Ее мама умерла давно, так давно, что Варя ее и не помнила. Но помнила запах. Она знала, что это запах духов «Красная Москва», но в доме у них отродясь не душились, а запах все жил. Иногда, особенно спросонья, утром, она вдруг чувствовала, что запаха нет, он ушел, и ее охватывала паника. Но запах опять возвращался. Он плыл, едва уловимый, капризный, упрямый, как будто его возвратили силком, то от бахромы на диванной подушке, то даже от связки ключей. На кладбище, куда Варя иногда ездила вместе с папой, темнел красный камень с большой фотографией. Мама смотрела мимо Вари, как будто забыла о ней и как будто ей даже неловко, что там, на земле, другие бегут по морозу, теряя в снегу свои рваные тапки, а ей, с этой очень красивой прической, досталось беспечно глядеть в облака. Все, кого Варя знала, не сомневались в том, что у нее НЕТ мамы, но и дед, и отец, и бабуля, и, главное, сама Варя относились к маминой смерти с подозрением, и хотя ни один из них не произносил этого вслух, но каждый в душе твердо верил: они с ней когда-нибудь встретятся.


Вчера вечером, когда нужно было уходить из мастерской и опять расставаться с Юрочкой, — а свидание получилось нервным, скомканным, и Юрочка хмурился, как будто куда-то торопился, — Варвара Сергевна, сидя в одном белье на кровати и внимательно следя черно-синими глазами за погрустневшим своим любовником, сказала, вздохнув:

— Сегодня день маминой смерти.

— Ходила на кладбище?

— Что мне там делать?

Юрочка ничего не ответил, и она знала, что он по своему замкнутому характеру не станет бросаться в такой разговор, а даст ей сказать, а потом промолчит, и так, чтобы ей показалось, как будто он с нею во всем согласился. Но лицо его при этом обязательно вспыхнет отражением какой-то собственной мысли, которой Юрочка не собирается с нею делиться. Он был словно лодка, которую привязали к берегу очень длинною цепью, и всякий раз, когда поднимается ветер и море штормит, эта лодка, мирно спящая на песке, гремит и пытается вырваться. Конечно же, ей далеко не уплыть, но эти порывы пугают.

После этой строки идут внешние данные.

theorem proposition1p2:
  shows "\<exists>C>0. \<forall>\<epsilon>::real. 0 < \<epsilon> \<and> \<epsilon> \<le> 1 \<longrightarrow>
           (\<exists>s1 s2 r. s1 \<in> orbitS \<and> s2 \<in> orbitS \<and> s1 \<noteq> s2 \<and> norm (s1 - s2) \<le> \<epsilon>
              \<and> s1 \<in> cball 0 r \<and> s2 \<in> cball 0 r \<and> r \<le> C * \<epsilon> powr (-2))"
proof (rule exI[of _ 810], intro conjI allI impI)
  fix \<epsilon> :: real
  assume "0 < \<epsilon> \<and> \<epsilon> \<le> 1"
  then have \<epsilon>: "0 < \<epsilon>" "\<epsilon> \<le> 1" by auto
  define N where "N = nat \<lceil>2 / \<epsilon>\<rceil>"
  note N = nat_ceiling_two_div_bounds[OF \<epsilon>, folded N_def]
  obtain s1 s2 where s: "s1 \<in> orbitS" "s2 \<in> orbitS" "s1 \<noteq> s2" "norm (s1 - s2) < 2 / real N"
    "norm s1 \<le> 90 * (real N)\<^sup>2" "norm s2 \<le> 90 * (real N)\<^sup>2"
    using orbitS_close_pair[OF N(1)] by blast
  have "(real N)\<^sup>2 \<le> (3 / \<epsilon>)\<^sup>2" using N(3) by (simp add: power_mono)
  also have "\<dots> = 9 * \<epsilon> powr (-2)"
    using \<epsilon>(1) by (simp add: powr_minus_divide powr_numeral power_divide)
  finally have "90 * (real N)\<^sup>2 \<le> 810 * \<epsilon> powr (-2)" by simp
  with s N(2) show "\<exists>s1 s2 r. s1 \<in> orbitS \<and> s2 \<in> orbitS \<and> s1 \<noteq> s2 \<and> norm (s1 - s2) \<le> \<epsilon>
      \<and> s1 \<in> cball 0 r \<and> s2 \<in> cball 0 r \<and> r \<le> 810 * \<epsilon> powr (-2)"
    by (intro exI[of _ s1] exI[of _ s2] exI[of _ "90 * (real N)\<^sup>2"]) auto
qed simp

end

Вот и сейчас, когда Варвара решительно сказала, что ей нечего делать на кладбище, а он промолчал и начал зачем-то уже одеваться, нагнулся, чтобы завязать шнурки на ботинках, и этим движением спрятал лицо, она сразу вспыхнула, вскочила с кровати, села перед ним на корточки, оттолкнула его руки, сама завязала шнурки и спросила:

— Ну, что ты молчишь?

— Так а что говорить?

— Нет, ты подожди! Ты решил доказать…

— Да что тут доказывать… — Он дернул своей обожженной щекою и все-таки встал.

Обожженная щека, которую он прятал под седыми волосами и стеснялся ее, хотя, как искренне думала Варвара, его умное лицо с высокими татарскими скулами и ясными глазами только выигрывало от темной плесени небольшого ожога, который его отличал ото всех, — эта бедная щека была ей знакома во всех своих впадинках, родинках, шрамах, и сейчас, когда он задергал вдруг ею, и встал, и двинулся к вешалке, словно не видел, что Варя сидит на полу, она перегородила ему дорогу, обхватила его шею руками, прижалась губами к ожогу и замерла.